0

I'm trying to replace a column in a DataFrame with preprocessed text data.

I have imported an Excel file as pandas dataframe.

df = pd.read_excel (*file path*)

This file consists of x rows of documents and 12 columns.

I extracted the column 'Text' for NLP.

text_article = (df['Text'])

I have preprocessed this column (removal of digits, stopwords, tokenization, lemmatization etc.) Resulting in the following variable: text_article['final']

I now want to replace the column (df['Text']) with text_article['final'], but don't know how.

When I export the dataframe, I get the original column 'Text'

df.to_excel('*name*.xlsx', index=False)

I've tried the following code to replace the column or add the column, but it doesn't seem to work.

df.insert(text_article['final'])

and

text_article['final'] = df['Text']

I'm relatively new to Python, so I hope I've clearly formulated my question. Thanks in advance.

Annick
  • 1
  • 1

2 Answers2

1

If both columns have the same length, this should work :

df['Text'] = text_article['final']

You did it the other way around. You must assign to the first variable df['Text'] the new value text_article['final'].

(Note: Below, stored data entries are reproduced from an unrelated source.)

lemma ip_nuN_0: "ip_nuN \<mu> c 0 = ip_nu \<mu> c"
  by (simp add: fun_eq_iff ip_nuN_def)

lemma ip_nuN_one: "ip_nuN \<mu> c N (P k) 1 = second_kind \<mu> P k c + N * poly (P k) c"
  by (simp add: ip_nuN_def ip_nu_def second_kind_def)

lemma geronimus_coefficient_eq:
  fixes F\<^sub>m F\<^sub>n h p\<^sub>m p\<^sub>n q N :: "'a::field"
  assumes "F\<^sub>m \<noteq> 0" "p\<^sub>m \<noteq> 0" "h \<noteq> 0" "F\<^sub>m + N * p\<^sub>m \<noteq> 0" and q: "q * F\<^sub>m = - h"
  shows "- (F\<^sub>n + N * p\<^sub>n) / (F\<^sub>m + N * p\<^sub>m)
           = (p\<^sub>n / p\<^sub>m - F\<^sub>n / F\<^sub>m) / (1 + N * (- q * p\<^sub>m / h)) - p\<^sub>n / p\<^sub>m"
proof -
  define d where "d = F\<^sub>m + N * p\<^sub>m"
  have q_eq: "q = - h / F\<^sub>m"
    using q \<open>F\<^sub>m \<noteq> 0\<close> by (simp add: field_simps)
  have "1 + N * (- q * p\<^sub>m / h) = d / F\<^sub>m"
    using \<open>F\<^sub>m \<noteq> 0\<close> \<open>h \<noteq> 0\<close> unfolding q_eq by (simp add: d_def field_simps)
  moreover have "- (F\<^sub>n + N * p\<^sub>n) / d = (p\<^sub>n / p\<^sub>m - F\<^sub>n / F\<^sub>m) / (d / F\<^sub>m) - p\<^sub>n / p\<^sub>m"
    using assms unfolding d_def[symmetric]
    by (simp add: field_simps) (simp add: d_def algebra_simps)
  ultimately show ?thesis
    by (simp add: d_def)
qed

lemma borel_measurable_poly [measurable]: "poly p \<in> borel_measurable borel"
  for p :: "real poly"
  by (intro borel_measurable_continuous_onI continuous_intros)

locale measure_off_point =
  fixes \<mu> :: "real measure" and c :: real
  assumes sets_eq: "sets \<mu> = sets borel"
    and moments: "\<And>k::nat. integrable \<mu> (\<lambda>x. x ^ k)"
    and c_notin_support: "c \<notin> msupport \<mu>"
begin

lemma integrable_poly: "integrable \<mu> (poly p)"
proof -
  have "integrable \<mu> (\<lambda>x. \<Sum>i\<le>degree p. coeff p i * x ^ i)"
    using moments by (intro Bochner_Integration.integrable_sum integrable_mult_right)
  also have "(\<lambda>x. \<Sum>i\<le>degree p. coeff p i * x ^ i) = poly p"
    by (simp add: fun_eq_iff poly_altdef)
  finally show ?thesis .
qed

lemma AE_dist_ge: "\<exists>e>0. AE x in \<mu>. e \<le> \<bar>x - c\<bar>"
proof -
  obtain e where "e > 0" and "emeasure \<mu> {c - e <..< c + e} = 0"
    using c_notin_support unfolding msupport_def by (auto simp: not_less)
  then have "{c - e <..< c + e} \<in> null_sets \<mu>"
    using sets_eq by (simp add: null_sets_def)
  from AE_not_in[OF this] have "AE x in \<mu>. e \<le> \<bar>x - c\<bar>"
    by eventually_elim auto
  with \<open>e > 0\<close> show ?thesis by blast
qed

lemma integrable_poly_div: "integrable \<mu> (\<lambda>x. poly p x / (x - c))"
proof -
  obtain e where "e > 0" and far: "AE x in \<mu>. e \<le> \<bar>x - c\<bar>"
    using AE_dist_ge by blast
  show ?thesis
  proof (rule Bochner_Integration.integrable_bound)
    show "integrable \<mu> (\<lambda>x. poly p x / e)"
      using integrable_poly by (rule integrable_divide)
    show "(\<lambda>x. poly p x / (x - c)) \<in> borel_measurable \<mu>"
      unfolding measurable_cong_sets[OF sets_eq refl] by measurable
    show "AE x in \<mu>. norm (poly p x / (x - c)) \<le> norm (poly p x / e)"
      using far by eventually_elim (use \<open>e > 0\<close> in \<open>simp add: abs_divide divide_left_mono\<close>)
  qed
qed

lemma integrable_poly_mult: "integrable \<mu> (\<lambda>x. poly f x * poly g x)"
proof -
  have "(\<lambda>x. poly f x * poly g x) = poly (f * g)"
    by (simp add: fun_eq_iff)
  then show ?thesis using integrable_poly by simp
qed

sublocale mu: symmetric_bilinear_poly "ip_mu \<mu>"
  using integrable_poly_mult
  by unfold_locales (auto simp: ip_mu_def distrib_left mult.commute mult.left_commute)

sublocale nuN: symmetric_bilinear_poly "ip_nuN \<mu> c N" for N
  using integrable_poly_div[of "f * g" for f g]
  by unfold_locales
    (auto simp: ip_nuN_def ip_nu_def distrib_left add_divide_distrib mult.commute mult.left_commute
       simp flip: integral_mult_right_zero)

lemma ip_nuN_linear_factor: "ip_nuN \<mu> c N f ([:-c, 1:] * s) = ip_mu \<mu> f s"
proof -
  obtain e where "e > 0" and far: "AE x in \<mu>. e \<le> \<bar>x - c\<bar>"
    using AE_dist_ge by blast
  have "(\<integral>x. poly f x * poly ([:-c, 1:] * s) x / (x - c) \<partial>\<mu>) = (\<integral>x. poly f x * poly s x \<partial>\<mu>)"
  proof (rule integral_cong_AE)
    show "AE x in \<mu>. poly f x * poly ([:-c, 1:] * s) x / (x - c) = poly f x * poly s x"
      using far by eventually_elim (use \<open>e > 0\<close> in \<open>auto simp: field_simps\<close>)
  qed (unfold measurable_cong_sets[OF sets_eq refl], measurable)+
  then show ?thesis unfolding ip_nuN_def ip_nu_def ip_mu_def by simp
qed

lemma ip_nuN_synthetic_div:
  "ip_nuN \<mu> c N f q = ip_mu \<mu> f (synthetic_div q c) + poly q c * ip_nuN \<mu> c N f 1"
proof -
  have "ip_nuN \<mu> c N f q = ip_nuN \<mu> c N f ([:-c, 1:] * synthetic_div q c + [:poly q c:])"
    by (simp only: synthetic_div_correct')
  also have "[:poly q c:] = smult (poly q c) 1"
    by simp
  finally show ?thesis
    by (simp only: nuN.add_right nuN.smult_right ip_nuN_linear_factor)
qed

context
  fixes P :: "nat \<Rightarrow> real poly"
  assumes P: "is_MOPS (ip_mu \<mu>) P"
begin

lemma ip_nuN_MOPS_le_degree:
  assumes "degree q \<le> m"
  shows "ip_nuN \<mu> c N (P m) q = poly q c * ip_nuN \<mu> c N (P m) 1"
proof -
  have "degree (synthetic_div q c) \<le> m"
    using assms by (simp add: degree_synthetic_div)
  moreover have "coeff (synthetic_div q c) m = 0"
  proof (cases "degree q = 0")
    case True then show ?thesis by (simp add: synthetic_div_eq_0_iff[THEN iffD2])
  next
    case False then show ?thesis
      using assms by (intro coeff_eq_0) (simp add: degree_synthetic_div)
  qed
  ultimately have "ip_mu \<mu> (P m) (synthetic_div q c) = 0"
    using mu.MOPS_inner_le_degree[OF P, of "synthetic_div q c" m] by simp
  then show ?thesis
    using ip_nuN_synthetic_div[of N "P m" q] by simp
qed

lemma ip_nuN_MOPS_one_neq_0:
  assumes R: "is_MOPS (ip_nuN \<mu> c N) R"
  shows "ip_nuN \<mu> c N (P m) 1 \<noteq> 0"
proof
  assume zero: "ip_nuN \<mu> c N (P m) 1 = 0"
  have "degree (P m) = m" "lead_coeff (P m) = 1"
    using P unfolding is_MOPS_def by blast+
  then have P_m: "degree (P m) \<le> m" "coeff (P m) m = 1"
    by simp_all
  have "ip_nuN \<mu> c N (R m) (R m) = ip_nuN \<mu> c N (R m) (P m)"
    using nuN.MOPS_inner_le_degree[OF R, of "P m" m] P_m by simp
  also have "\<dots> = ip_nuN \<mu> c N (P m) (R m)"
    by (rule nuN.commute)
  also have "\<dots> = 0"
    using ip_nuN_MOPS_le_degree[of "R m" m N] R zero unfolding is_MOPS_def by simp
  finally show False
    using R unfolding is_MOPS_def by simp
qed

Also, this post might answer your question.

junsuzuki
  • 100
  • 7
  • Thanks for your quick response. It does seem to work, but the text in the column remains the original text, instead of the preprocessed text. So the changes I've made in text_article['final'] are lost. – Annick Aug 12 '22 at 15:28
0

I was able to add the column with preprocessed text to the dataframe by using the following code:

df2 = df.assign(Title_New_Column = text_article['final'])
df2.to_excel('File_Name.xlsx', index=False)
Annick
  • 1
  • 1